» **PROBLEM**
Whenever a line carries the word "imports", pull it out of the entries.

» **Dataset entries**
=== Begin Enclosure ===
(* Let $X=\mathrm{tv}(b_0,\dots,b_l)$ be a smooth complete toric surface with $b_0<0$ and $l>2$, with rays $\rho_0,\dots,\rho_l$ as below. Let $\alpha$ be the unique index with $1<\alpha<l$ such that $\rho_\alpha=-\rho_0$ (equivalently, the continued fraction $[b_1,\dots,b_{\alpha-1}]$ is well defined and equals $0$), and put $\gamma=\sum_{i=1}^{\alpha-1}(3-b_i)-3$. Then $\gamma\ge0$, $b_0+b_\alpha-\gamma\ge0$, and for every $R\in(\mathbb Z^2)^*$ with $\langle\rho_\alpha,R\rangle=1$ one has $\langle\rho_{\alpha-1},R\rangle-\langle\rho_1,R\rangle=\gamma$.
   Context: For integers $b_0,\dots,b_l$, $\mathrm{tv}(b_0,\dots,b_l)$ denotes the smooth complete toric surface whose fan in $\mathbb Z^2\otimes\mathbb Q$ has rays with primitive generators $\rho_0,\dots,\rho_l$ in cyclic order (indices mod $l+1$), satisfying $b_i\rho_i=\rho_{i-1}+\rho_{i+1}$; equivalently, $-b_i$ is the self-intersection number of the invariant prime divisor corresponding to $\rho_i$. The continued fraction is defined by $[c_k]=c_k$ and $[c_1,\dots,c_k]=c_1-1/[c_2,\dots,c_k]$ when no division by zero occurs. *)

theory Defs
  imports Complex_Main
begin

text \<open>Lattice vectors of \<open>\<int>\<^sup>2\<close> and dual vectors in \<open>(\<int>\<^sup>2)\<^sup>*\<close> are both
  represented as pairs of integers; the duality pairing is the dot product.\<close>

type_synonym lvec = "int \<times> int"
lemma hs_map_HS_ideal:
  assumes hom: "f \<in> ring_hom R S"
    and closed: "\<And>a b. a \<in> carrier R \<Longrightarrow> b \<in> carrier R \<Longrightarrow>
                    a \<oplus>\<^bsub>R\<^esub> b \<in> carrier R \<and> a \<otimes>\<^bsub>R\<^esub> b \<in> carrier R"
    and one_closed: "\<one>\<^bsub>R\<^esub> \<in> carrier R"
    and P: "P \<in> HS_ideal m R"
  shows "hs_map m R f P \<in> HS_ideal m S"
proof -
  have f_closed: "f a \<in> carrier S" if "a \<in> carrier R" for a
    using hom that by (rule ring_hom_memE)
  have "hs_map m R f s \<in> HS_rels m S \<union> {0}" if "s \<in> HS_rels m R" for s
  proof -
    from that consider
      (add) n a b where "s = Xv (n, a \<oplus>\<^bsub>R\<^esub> b) - Xv (n, a) - Xv (n, b)"
        "enat n \<le> m" "a \<in> carrier R" "b \<in> carrier R"
    | (mult) n a b where "s = Xv (n, a \<otimes>\<^bsub>R\<^esub> b) - (\<Sum>i\<le>n. Xv (i, a) * Xv (n - i, b))"
        "enat n \<le> m" "a \<in> carrier R" "b \<in> carrier R"
    | (one) "s = Xv (0, \<one>\<^bsub>R\<^esub>) - 1"
    | (out_of_range) n a where "s = Xv (n, a)" "\<not> (enat n \<le> m \<and> a \<in> carrier R)"
      unfolding HS_rels_def by blast
    then show ?thesis
    proof cases
      case (mult n a b)
      have "enat i \<le> m" if "i \<le> n" for i
        using that mult(2) by (rule enat_le_trans)
      then have "hs_map m R f s = Xv (n, f a \<otimes>\<^bsub>S\<^esub> f b) - (\<Sum>i\<le>n. Xv (i, f a) * Xv (n - i, f b))"
        using mult hom closed
        by (simp add: hs_map_def peval_diff peval_sum peval_mult ring_hom_mult)
      then show ?thesis
        using mult f_closed by (simp add: HS_rel_mult)
    next
      case (add n a b)
      then have "hs_map m R f s = Xv (n, f a \<oplus>\<^bsub>S\<^esub> f b) - Xv (n, f a) - Xv (n, f b)"
        using hom closed by (simp add: hs_map_def peval_diff ring_hom_add)
      then show ?thesis
        using add f_closed by (simp add: HS_rel_add)
    next
      case one
      then have "hs_map m R f s = Xv (0, \<one>\<^bsub>S\<^esub>) - 1"
        using hom one_closed by (simp add: hs_map_def peval_diff ring_hom_one zero_enat_def[symmetric])
      then show ?thesis
        unfolding HS_rels_def by blast
    next
      case (out_of_range n a)
      then show ?thesis by (cases "enat n \<le> m") simp_all
    qed
  qed
  then have "hs_map m R f s \<in> gen_ideal (HS_rels m S)" if "s \<in> HS_rels m R" for s
    using that unfolding gen_ideal_eq_span
    by (metis Un_iff singletonD module_over_itself.span_base module_over_itself.span_zero)
  with P show ?thesis
    unfolding HS_ideal_def hs_map_def by (rule peval_gen_ideal)
qed
(* Let $S$ be a closed subspace of $\ell_\infty$ with $c_0\subseteq S$ such that the quotient $\ell_\infty/S$ is separable. Then $S$ is an $\ell_\infty$-Grothendieck subspace.
   Context: Let $S$ be a closed subspace of $\ell_\infty$ containing $c_0$ and let $j:c_0\to S$ be the inclusion map. Then $j^{**}:c_0^{**}\equiv\ell_\infty\to S^{**}$ identifies $\ell_\infty$ with a subspace of $S^{**}$ containing $S$. A sequence $(x_n^* )$ in $S^*$ is said to be $\sigma(S^*,\ell_\infty)$-convergent to $x^*\in S^*$ if $\langle j^{**}z,x_n^*\rangle\to\langle j^{**}z,x^*\rangle$ for every $z\in\ell_\infty$ (equivalently, the restrictions $j^*x_n^*\in\ell_1$ converge to $j^*x^*$ in the topology $\sigma(\ell_1,\ell_\infty)$). The closed subspace $S$ of $\ell_\infty$ is called an $\ell_\infty$-Grothendieck subspace if $c_0\subseteq S$ and every $\sigma(S^*,S)$-convergent (weak$^*$-convergent) sequence in $S^*$ is $\sigma(S^*,\ell_\infty)$-convergent (to the same limit). *)

theory Defs
  imports "HOL-Analysis.Analysis"
begin

(* The Banach space l-infinity of bounded real sequences, realised as the type
  nat =>C real of bounded continuous functions on the discrete space nat,
  with the supremum norm. *)

type_synonym linf = "nat \<Rightarrow>\<^sub>C real"

definition c0 :: "linf set" where
  "c0 = {x. (\<lambda>n. apply_bcontfun x n) \<longlonglongrightarrow> 0}"

definition unitvec :: "nat \<Rightarrow> linf" where
  "unitvec n = Bcontfun (\<lambda>k. if k = n then 1 else 0)"

(* Elements of the dual S^* : bounded linear functionals on the subspace S
  (only their values on S matter). *)
definition dual_elem :: "linf set \<Rightarrow> (linf \<Rightarrow> real) \<Rightarrow> bool" where
  "dual_elem S f \<longleftrightarrow>
     (\<forall>x\<in>S. \<forall>y\<in>S. f (x + y) = f x + f y) \<and>
     (\<forall>c. \<forall>x\<in>S. f (c *\<^sub>R x) = c * f x) \<and>
     (\<exists>K. \<forall>x\<in>S. \<bar>f x\<bar> \<le> K * norm x)"

definition weak_star_conv :: "linf set \<Rightarrow> (nat \<Rightarrow> linf \<Rightarrow> real) \<Rightarrow> (linf \<Rightarrow> real) \<Rightarrow> bool" where
  "weak_star_conv S phi psi \<longleftrightarrow> (\<forall>x\<in>S. (\<lambda>k. phi k x) \<longlonglongrightarrow> psi x)"

(* sigma(S^*, l-infinity) convergence: the restrictions j^* x_k^* to c0, viewed as
  elements of l1 = c0^* via their coordinates x^*(e_n), converge in sigma(l1, l-infinity);
  the pairing of z in l-infinity with a in l1 is the sum of z_n a_n. *)
definition linf_conv :: "(nat \<Rightarrow> linf \<Rightarrow> real) \<Rightarrow> (linf \<Rightarrow> real) \<Rightarrow> bool" where
  "linf_conv phi psi \<longleftrightarrow>
     (\<forall>z::linf. (\<lambda>k. \<Sum>n. apply_bcontfun z n * phi k (unitvec n)) \<longlonglongrightarrow> (\<Sum>n. apply_bcontfun z n * psi (unitvec n)))"

definition linf_grothendieck :: "linf set \<Rightarrow> bool" where
  "linf_grothendieck S \<longleftrightarrow> c0 \<subseteq> S \<and>
     (\<forall>phi psi. (\<forall>k. dual_elem S (phi k)) \<and> dual_elem S psi \<and> weak_star_conv S phi psi
        \<longrightarrow> linf_conv phi psi)"

(* Separability of the quotient l-infinity / S with the quotient norm
  norm [x] = infdist x S: there is a countable set whose classes are dense. *)
definition separable_quotient :: "linf set \<Rightarrow> bool" where
  "separable_quotient S \<longleftrightarrow>
     (\<exists>D. countable D \<and> (\<forall>x. \<forall>e>0. \<exists>d\<in>D. infdist (x - d) S < e))"

end

theory Submission
  imports Defs
begin

locale linear_functional_on =
  fixes S :: "'a::real_vector set" and f :: "'a \<Rightarrow> real"
  assumes subspace: "subspace S"
    and add: "\<And>x y. x \<in> S \<Longrightarrow> y \<in> S \<Longrightarrow> f (x + y) = f x + f y"
    and scale: "\<And>c x. x \<in> S \<Longrightarrow> f (c *\<^sub>R x) = c * f x"
begin

lemma zero [simp]: "f 0 = 0"
  using scale[of 0 0] subspace by (simp add: subspace_0)

lemma diff: "x \<in> S \<Longrightarrow> y \<in> S \<Longrightarrow> f (x - y) = f x - f y"
  using add[of x "- y"] scale[of y "-1"] subspace by (simp add: subspace_neg)

lemma sum: "finite A \<Longrightarrow> (\<And>i. i \<in> A \<Longrightarrow> g i \<in> S) \<Longrightarrow> f (sum g A) = (\<Sum>i\<in>A. f (g i))"
  by (induction A rule: finite_induct) (use subspace in \<open>auto simp: add subspace_sum\<close>)

end

lemma linear_functional_on_diff:
  assumes "linear_functional_on S f" "linear_functional_on S g"
  shows "linear_functional_on S (\<lambda>x. f x - g x)"
  using assms unfolding linear_functional_on_def by (auto simp: algebra_simps)

lemma linear_functional_on_continuous:
  fixes f :: "'a::real_normed_vector \<Rightarrow> real"
  assumes "linear_functional_on S f" and bound: "\<And>x. x \<in> S \<Longrightarrow> \<bar>f x\<bar> \<le> K * norm x"
  shows "continuous_on S f"
proof (rule lipschitz_on_continuous_on)
  interpret linear_functional_on S f by (fact assms(1))
  show "\<bar>K\<bar>-lipschitz_on S f"
  proof (rule lipschitz_onI)
    fix x y assume "x \<in> S" "y \<in> S"
    then have "dist (f x) (f y) \<le> K * norm (x - y)"
      using bound[of "x - y"] subspace by (simp add: dist_real_def diff subspace_diff)
    also have "\<dots> \<le> \<bar>K\<bar> * dist x y" by (simp add: dist_norm mult_right_mono)
    finally show "dist (f x) (f y) \<le> \<bar>K\<bar> * dist x y" .
  qed simp
qed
=== End Enclosure ===
» **EXERCISE OUTPUT**
  imports Complex_Main
  imports "HOL-Analysis.Analysis"
  imports Defs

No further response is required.